If a rule is absolute and enforced, it belongs in Reference. This guide explains why certain shapes work better.


Pattern vs Length

Use:

  • pattern to constrain allowed characters/structure.
  • minLength / maxLength to constrain length.

Do not encode length constraints inside regex patterns. Keep patterns focused on character sets and structural rules.

Example: VIN

A VIN is 17 characters and excludes I, O, Q.

vin:
  type: string
  pattern: ^[A-HJ-NPR-Z0-9]+$
  minLength: 17
  maxLength: 17

Required vs Nullable (Critical)

Required fields MUST NOT be nullable.

  • required means the field must always exist
  • nullable means null is a meaningful value

Combining them destroys intent and leads to undefined behavior.

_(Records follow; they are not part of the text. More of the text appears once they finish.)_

(* Let $h=u+v+u^{-1}+v^{-1}+u^{-1}v^{-1}\in A=\mathbb C\langle u^{\pm1},v^{\pm1}\rangle$. For all integers $N,M>0$, $\{h^N,h^M\}_K\in[A,A]$, i.e. $\{h^N,h^M\}_K\equiv0\bmod[A,A]$.
   Context: $A$ is the group algebra over $\mathbb C$ of the free group on $u,v$. $[A,A]$ is the linear span of all $ab-ba$, $a,b\in A$. $\mu:A\otimes A\to A$, $\mu(a\otimes b)=ab$; $A\otimes A$ has componentwise multiplication. The double bracket $\llbracket\cdot\rrbracket_K:A\otimes A\to A\otimes A$ is the linear map with $\llbracket u\otimes v\rrbracket_K=-vu\otimes1$, $\llbracket v\otimes u\rrbracket_K=uv\otimes1$, $\llbracket u\otimes u\rrbracket_K=\llbracket v\otimes v\rrbracket_K=0$, extended by the Leibniz rules $\llbracket a\otimes bc\rrbracket_K=\llbracket a\otimes b\rrbracket_K(1\otimes c)+(b\otimes1)\llbracket a\otimes c\rrbracket_K$ and $\llbracket ab\otimes c\rrbracket_K=\llbracket a\otimes c\rrbracket_K(b\otimes1)+(1\otimes a)\llbracket b\otimes c\rrbracket_K$ (so for monomials $a=a_1\cdots a_k$, $b=b_1\cdots b_m$ in letters $u^{\pm1},v^{\pm1}$, with $\llbracket a_i\otimes b_j\rrbracket_K=x_{ij}\otimes y_{ij}$, $\llbracket a\otimes b\rrbracket_K=\sum_{i,j}(b_1\cdots b_{j-1}x_{ij}a_{i+1}\cdots a_k)\otimes(a_1\cdots a_{i-1}y_{ij}b_{j+1}\cdots b_m)$; the values on inverse letters are those forced by the Leibniz rules, e.g. $\llbracket u^{-1}\otimes v^{-1}\rrbracket_K=-1\otimes u^{-1}v^{-1}$, $\llbracket u^{-1}\otimes v\rrbracket_K=v\otimes u^{-1}$, $\llbracket u\otimes v^{-1}\rrbracket_K=u\otimes v^{-1}$, $\llbracket v^{-1}\otimes u^{-1}\rrbracket_K=1\otimes v^{-1}u^{-1}$, $\llbracket v\otimes u^{-1}\rrbracket_K=-v\otimes u^{-1}$, $\llbracket v^{-1}\otimes u\rrbracket_K=-u\otimes v^{-1}$). The bracket is $\{a,b\}_K=\mu(\llbracket a\otimes b\rrbracket_K)$. *)

theory Defs
  imports Complex_Main "HOL-Library.Poly_Mapping"
begin

datatype letter = U | V | Ui | Vi

fun linv :: "letter \<Rightarrow> letter" where
  "linv U = Ui" | "linv V = Vi" | "linv Ui = U" | "linv Vi = V"

lemma linv_linv [simp]: "linv (linv x) = x"
  by (cases x) auto

fun push :: "letter \<Rightarrow> letter list \<Rightarrow> letter list" where
  "push x [] = [x]"
| "push x (y # ys) = (if y = linv x then ys else x # y # ys)"

definition reduce :: "letter list \<Rightarrow> letter list" where
  "reduce w = foldr push w []"

fun is_reduced :: "letter list \<Rightarrow> bool" where
  "is_reduced [] = True"
| "is_reduced [x] = True"
| "is_reduced (x # y # ys) = (y \<noteq> linv x \<and> is_reduced (y # ys))"

lemma is_reduced_tl: "is_reduced (x # ys) \<Longrightarrow> is_reduced ys"
  by (cases ys) auto

lemma push_reduced: "is_reduced w \<Longrightarrow> is_reduced (push x w)"
  by (cases w) (auto dest: is_reduced_tl)

lemma foldr_push_reduced: "is_reduced r \<Longrightarrow> is_reduced (foldr push w r)"
  by (induction w) (auto intro: push_reduced)

lemma reduce_reduced: "is_reduced (reduce w)"
  unfolding reduce_def by (rule foldr_push_reduced) simp

lemma push_push_linv: "is_reduced s \<Longrightarrow> push a (push (linv a) s) = s"
proof (cases s)
  case (Cons z zs)
  assume r: "is_reduced s"
  show ?thesis
  proof (cases "z = a")
    case True
    then show ?thesis using Cons r by (cases zs) auto
  next
    case False
    then show ?thesis using Cons by auto
  qed
qed simp

lemma foldr_push_reduced_id: "is_reduced w \<Longrightarrow> foldr push w [] = w"
proof (induction w rule: is_reduced.induct)
  case (3 x y ys)
  then show ?case by auto
qed auto

lemma reduce_id: "is_reduced w \<Longrightarrow> reduce w = w"
  by (simp add: reduce_def foldr_push_reduced_id)

lemma foldr_push_push:
  assumes "is_reduced l" "is_reduced r"
  shows "foldr push (push a l) r = push a (foldr push l r)"
proof (cases l)
  case Nil then show ?thesis by simp
next
  case (Cons y ys)
  show ?thesis
  proof (cases "y = linv a")
    case True
    have "is_reduced (foldr push ys r)"
      using assms Cons by (intro foldr_push_reduced) auto
    then have "push a (push (linv a) (foldr push ys r)) = foldr push ys r"
      by (rule push_push_linv)
    then show ?thesis using Cons True by simp
  next
    case False
    then show ?thesis using Cons by simp
  qed
qed

lemma foldr_push_foldr:
  assumes "is_reduced l" "is_reduced r"
  shows "foldr push (foldr push x l) r = foldr push x (foldr push l r)"
  using assms
proof (induction x)
  case (Cons a x)
  have "foldr push (push a (foldr push x l)) r = push a (foldr push (foldr push x l) r)"
    using Cons.prems by (intro foldr_push_push foldr_push_reduced) auto
  then show ?case using Cons by simp
qed simp

lemma reduce_append: "reduce (x @ y) = foldr push x (reduce y)"
  by (simp add: reduce_def)

typedef fg = "{w. is_reduced w}"
  by (rule exI[of _ "[]"]) simp

text \<open>The group operation of the free group (written additively so that the
  library group algebra fg =>0 complex applies; it is NOT commutative).\<close>
instantiation fg :: monoid_add
begin

definition zero_fg :: fg where "zero_fg = Abs_fg []"

definition plus_fg :: "fg \<Rightarrow> fg \<Rightarrow> fg" where
  "plus_fg a b = Abs_fg (reduce (Rep_fg a @ Rep_fg b))"

instance
proof
  fix a b c :: fg
  have ra: "is_reduced (Rep_fg a)" and rb: "is_reduced (Rep_fg b)" and rc: "is_reduced (Rep_fg c)"
    using Rep_fg by auto
  show "a + b + c = a + (b + c)"
    unfolding plus_fg_def
    using ra rb rc
    by (simp add: Abs_fg_inverse reduce_reduced reduce_append reduce_id foldr_push_foldr foldr_push_reduced)
  show "0 + a = a"
    unfolding plus_fg_def zero_fg_def
    using ra by (simp add: Abs_fg_inverse reduce_id Rep_fg_inverse)
  show "a + 0 = a"
    unfolding plus_fg_def zero_fg_def
    using ra by (simp add: Abs_fg_inverse reduce_id Rep_fg_inverse)
qed

end

definition fgw :: "letter list \<Rightarrow> fg" where
  "fgw w = Abs_fg (reduce w)"

section \<open>The group algebra A = C[F(u,v)]\<close>

type_synonym galg = "fg \<Rightarrow>\<^sub>0 complex"

definition mono :: "letter list \<Rightarrow> galg" where
  "mono w = Poly_Mapping.single (fgw w) 1"

definition hK :: galg where
  "hK = mono [U] + mono [V] + mono [Ui] + mono [Vi] + mono [Ui, Vi]"

text \<open>The commutator subspace [A,A]: complex-linear span of all ab - ba.
  (Scalar multiplication by c is multiplication by the central element c\<cdot>1.)\<close>
inductive_set comm_space :: "galg set" where
  zero: "0 \<in> comm_space"
| comm: "a * b - b * a \<in> comm_space"
| add: "x \<in> comm_space \<Longrightarrow> y \<in> comm_space \<Longrightarrow> x + y \<in> comm_space"
| smult: "x \<in> comm_space \<Longrightarrow> Poly_Mapping.single 0 c * x \<in> comm_space"

text \<open>A \<otimes> A is the free vector space on pairs of group elements.\<close>
type_synonym gtens = "(fg \<times> fg) \<Rightarrow>\<^sub>0 complex"

text \<open>Values on letters: lbr a b = (c, x, y) means double bracket of a,b is c \<cdot> x \<otimes> y.\<close>
fun lbr :: "letter \<Rightarrow> letter \<Rightarrow> complex \<times> letter list \<times> letter list" where
  "lbr U V = (-1, [V, U], [])"
| "lbr V U = (1, [U, V], [])"
| "lbr Ui Vi = (-1, [], [Ui, Vi])"
| "lbr Ui V = (1, [V], [Ui])"
| "lbr U Vi = (1, [U], [Vi])"
| "lbr Vi Ui = (1, [], [Vi, Ui])"
| "lbr V Ui = (-1, [V], [Ui])"
| "lbr Vi U = (-1, [U], [Vi])"
| "lbr _ _ = (0, [], [])"

definition dbr_word :: "complex \<Rightarrow> letter list \<Rightarrow> letter list \<Rightarrow> gtens" where
  "dbr_word s a b =
     (\<Sum>i<length a. \<Sum>j<length b.
        (case lbr (a ! i) (b ! j) of (c, x, y) \<Rightarrow>
           Poly_Mapping.single
             (fgw (take j b @ x @ drop (Suc i) a), fgw (take i a @ y @ drop (Suc j) b))
             (s * c)))"

definition dbrK :: "galg \<Rightarrow> galg \<Rightarrow> gtens" where
  "dbrK f g = (\<Sum>p\<in>Poly_Mapping.keys f. \<Sum>q\<in>Poly_Mapping.keys g.
                 dbr_word (Poly_Mapping.lookup f p * Poly_Mapping.lookup g q) (Rep_fg p) (Rep_fg q))"

definition muK :: "gtens \<Rightarrow> galg" where
  "muK T = (\<Sum>pq\<in>Poly_Mapping.keys T. Poly_Mapping.single (fst pq + snd pq) (Poly_Mapping.lookup T pq))"

definition brK :: "galg \<Rightarrow> galg \<Rightarrow> galg" where
  "brK f g = muK (dbrK f g)"

end

theory Submission
  imports Defs
begin

text \<open>
  Modulo \<open>[A,A]\<close> the bracket only sees cyclic words, so it is convenient to work with a bracket
  \<open>ibr f P g Q\<close> in which two further elements \<open>P\<close>, \<open>Q\<close> are inserted at the places where the
  cyclic words of \<open>f\<close> and \<open>g\<close> close up; \<open>{f,g}\<^sub>K \<equiv> ibr f 1 g 1\<close>. This bracket obeys a Leibniz
  rule in each argument modulo \<open>[A,A]\<close>, the product being absorbed into the inserted elements.
  Expanding \<open>h\<^sup>N\<close> and \<open>h\<^sup>M\<close> therefore writes \<open>{h\<^sup>N,h\<^sup>M}\<^sub>K\<close> as a sum of terms
  \<open>ibr h h\<^sup>k h h\<^sup>m\<close>, and a direct computation with the five monomials of \<open>h\<close> shows that each of
  them is congruent to the commutator \<open>[h, W h\<^sup>k\<^sup>+\<^sup>m]\<close> with \<open>W = v + u\<^sup>-\<^sup>1 + u\<^sup>-\<^sup>1v\<^sup>-\<^sup>1\<close>.
\<close>

lemma Rep_fg_fgw: "Rep_fg (fgw w) = reduce w"
  by (simp add: fgw_def Abs_fg_inverse reduce_reduced)

lemma fgw_Rep_fg: "fgw (Rep_fg p) = p"
  using Rep_fg[of p] by (simp add: fgw_def reduce_id Rep_fg_inverse)

lemma Rep_fg_plus: "Rep_fg (p + q) = reduce (Rep_fg p @ Rep_fg q)"
  by (simp add: plus_fg_def Abs_fg_inverse reduce_reduced)

lemma reduce_Cons: "reduce (x # w) = push x (reduce w)"
  by (simp add: reduce_def)

lemma reduce_append_reduce: "reduce (reduce a @ reduce b) = reduce (a @ b)"
proof -
  have "reduce (reduce a @ reduce b) = foldr push (foldr push a []) (reduce b)"
    by (simp add: reduce_append reduce_id reduce_reduced reduce_def[of a])
  also have "\<dots> = foldr push a (foldr push [] (reduce b))"
    by (rule foldr_push_foldr) (auto simp: reduce_reduced)
  finally show ?thesis by (simp add: reduce_append)
qed

lemma fgw_append: "fgw (a @ b) = fgw a + fgw b"
  unfolding plus_fg_def Rep_fg_fgw by (simp add: fgw_def reduce_append_reduce)

lemma fgw_Nil: "fgw [] = 0"
  by (simp add: fgw_def zero_fg_def reduce_def)

lemma mono_append: "mono (a @ b) = mono a * mono b"
  by (simp add: mono_def mult_single fgw_append)

lemma mono_Nil: "mono [] = 1"
  by (simp add: mono_def fgw_Nil)

lemma mono_reduce: "mono (reduce w) = mono w"
  by (simp add: mono_def fgw_def reduce_id reduce_reduced)

lemma mono_Rep_fg: "mono (Rep_fg p) = Poly_Mapping.single p 1"
  by (simp add: mono_def fgw_Rep_fg)

text \<open>A separate name for one-letter monomials keeps \<open>mono_Cons\<close> from looping in the simplifier.\<close>

definition mono_letter :: "letter \<Rightarrow> galg" where
  "mono_letter x = mono [x]"

lemma mono_Cons: "mono (a # w) = mono_letter a * mono w"
  using mono_append[of "[a]" w] by (simp add: mono_letter_def)

lemma mono_letter_linv: "mono_letter x * mono_letter (linv x) = 1"
proof -
  have "mono_letter x * mono_letter (linv x) = mono (reduce [x, linv x])"
    by (simp add: mono_reduce mono_Cons mono_Nil)
  also have "reduce [x, linv x] = []" by (simp add: reduce_def)
  finally show ?thesis by (simp add: mono_Nil)
qed

lemma mono_letter_linv_left: "mono_letter x * (mono_letter (linv x) * Z) = Z"
  by (simp add: mult.assoc[symmetric] mono_letter_linv)

lemma mono_linv_pair: "mono [x, linv x] = 1"
  by (simp add: mono_Cons mono_Nil mono_letter_linv)

lemmas mono_simps = mono_Cons mono_Nil mono_append mult.assoc
  mono_letter_linv[of U, simplified] mono_letter_linv[of V, simplified]
  mono_letter_linv[of Ui, simplified] mono_letter_linv[of Vi, simplified]
  mono_letter_linv_left[of U, simplified] mono_letter_linv_left[of V, simplified]
  mono_letter_linv_left[of Ui, simplified] mono_letter_linv_left[of Vi, simplified]
  single_uminus single_one

abbreviation scalar :: "complex \<Rightarrow> galg" where
  "scalar c \<equiv> Poly_Mapping.single 0 c"

lemma poly_mapping_sum_single:
  "(f :: 'a \<Rightarrow>\<^sub>0 complex) = (\<Sum>p\<in>Poly_Mapping.keys f. Poly_Mapping.single p (Poly_Mapping.lookup f p))"
  by (rule poly_mapping_eqI)
    (auto simp: lookup_sum lookup_single when_def in_keys_iff intro!: sum.neutral)

lemma scalar_commute: "scalar c * f = f * scalar c"
proof -
  have "scalar c * (\<Sum>p\<in>Poly_Mapping.keys f. Poly_Mapping.single p (Poly_Mapping.lookup f p))
     = (\<Sum>p\<in>Poly_Mapping.keys f. Poly_Mapping.single p (Poly_Mapping.lookup f p)) * scalar c"
    by (simp add: sum_distrib_left sum_distrib_right mult_single mult.commute)
  then show ?thesis by (simp only: poly_mapping_sum_single[symmetric])
qed

lemma mult_scalar_left_commute: "X * (scalar c * Z) = scalar c * (X * Z)"
  by (metis mult.assoc scalar_commute)

lemma scalar_mult: "scalar (s * c) * Z = scalar s * (scalar c * Z)"
  by (simp add: mult.assoc[symmetric] mult_single)

lemma scalar_left_commute: "scalar s * (scalar c * Z) = scalar c * (scalar s * Z)"
  by (simp add: scalar_mult[symmetric] mult.commute)

lemma comm_space_uminus: "x \<in> comm_space \<Longrightarrow> - x \<in> comm_space"
  using comm_space.smult[of x "-1"] by (simp add: single_uminus)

If a field must always exist, it must also always have a value.


PUT vs PATCH

  • PUT

    • Full replacement
    • All required fields must be present
    • Rarely appropriate at top-level resources
  • PATCH

    • Partial update
    • Missing fields are untouched
    • null may indicate explicit deletion

Apistry strongly favors PATCH semantics.


Identifiers

  • IDs should be immutable
  • IDs should be server-owned by default
  • IDs should be marked readOnly where possible
  • Sub-resources MUST have identifiers to support mutation

Avoid client-generated IDs unless the contract explicitly requires them.


Arrays vs Sub-Resources

  • Arrays are appropriate for:

    • small, bounded sets
    • value objects
  • Sub-resources are appropriate for:

    • large collections
    • independently addressable items
    • mutable child entities

Apistry supports only one level of sub-resource nesting by design.


Read-Only and Write-Only Fields

  • Use readOnly for server-managed fields
  • Use writeOnly for sensitive inputs

Do not attempt to update readOnly fields, including within nested objects.


Bulk Operations (Use Carefully)

Bulk update and delete operations:

  • are intentionally constrained
  • require explicit filters
  • do not support implicit fan-out semantics

Design contracts assuming explicit intent.


Naming Discipline

  • Resource names should be plural
  • Sub-resource names should be plural
  • Avoid multi-path ambiguity

Consistency here prevents routing and lifecycle ambiguity.